● **Exercise details**
What lines below mention the word "blast"? Copy each one.
START Data listing
theorem theorem7p2:
  fixes A :: "'a::{topological_ab_group_add,t2_space} set"
  assumes "0 \<notin> A"
  shows "(continuous_map (SA_top A) euclidean (kalton A) \<and>
          (\<exists>\<phi>. continuous_map (PA_top A) euclidean \<phi> \<and>
               (\<forall>f\<in>SA A. \<phi> f = kalton A f) \<and>
               (\<forall>f\<in>topspace (PA_top A). \<forall>g\<in>topspace (PA_top A).
                   \<phi> (\<lambda>a\<in>A. f a + g a) = \<phi> f + \<phi> g) \<and>
               embedding_map (PA_top A) euclidean \<phi>))
     \<longleftrightarrow> absolutely_summable A \<and> top_independent A"
proof -
  have summable_independent: "absolutely_summable A \<and> top_independent A"
    if "continuous_map (PA_top A) euclidean \<phi>" "\<forall>f\<in>SA A. \<phi> f = kalton A f"
      "embedding_map (PA_top A) euclidean \<phi>" for \<phi>
    using absolutely_summable_if_continuous_extension[OF that(1,2)]
      top_independent_if_embedding[OF assms that] by blast
  have summation_map: "continuous_map (PA_top A) euclidean (\<lambda>f. infsum f A)"
    "\<forall>f\<in>SA A. infsum f A = kalton A f"
    "\<forall>f\<in>topspace (PA_top A). \<forall>g\<in>topspace (PA_top A).
       infsum (\<lambda>a\<in>A. f a + g a) A = infsum f A + infsum g A"
    "embedding_map (PA_top A) euclidean (\<lambda>f. infsum f A)"
    if "absolutely_summable A" "top_independent A"
    using continuous_map_infsum_PA infsum_SA infsum_PA_add embedding_map_infsum_PA that by blast+
  show ?thesis
    using summable_independent summation_map continuous_map_kalton_if_extension by blast
qed

end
END Data listing
● **Answer section**
      top_independent_if_embedding[OF assms that] by blast
    using continuous_map_infsum_PA infsum_SA infsum_PA_add embedding_map_infsum_PA that by blast+
    using summable_independent summation_map continuous_map_kalton_if_extension by blast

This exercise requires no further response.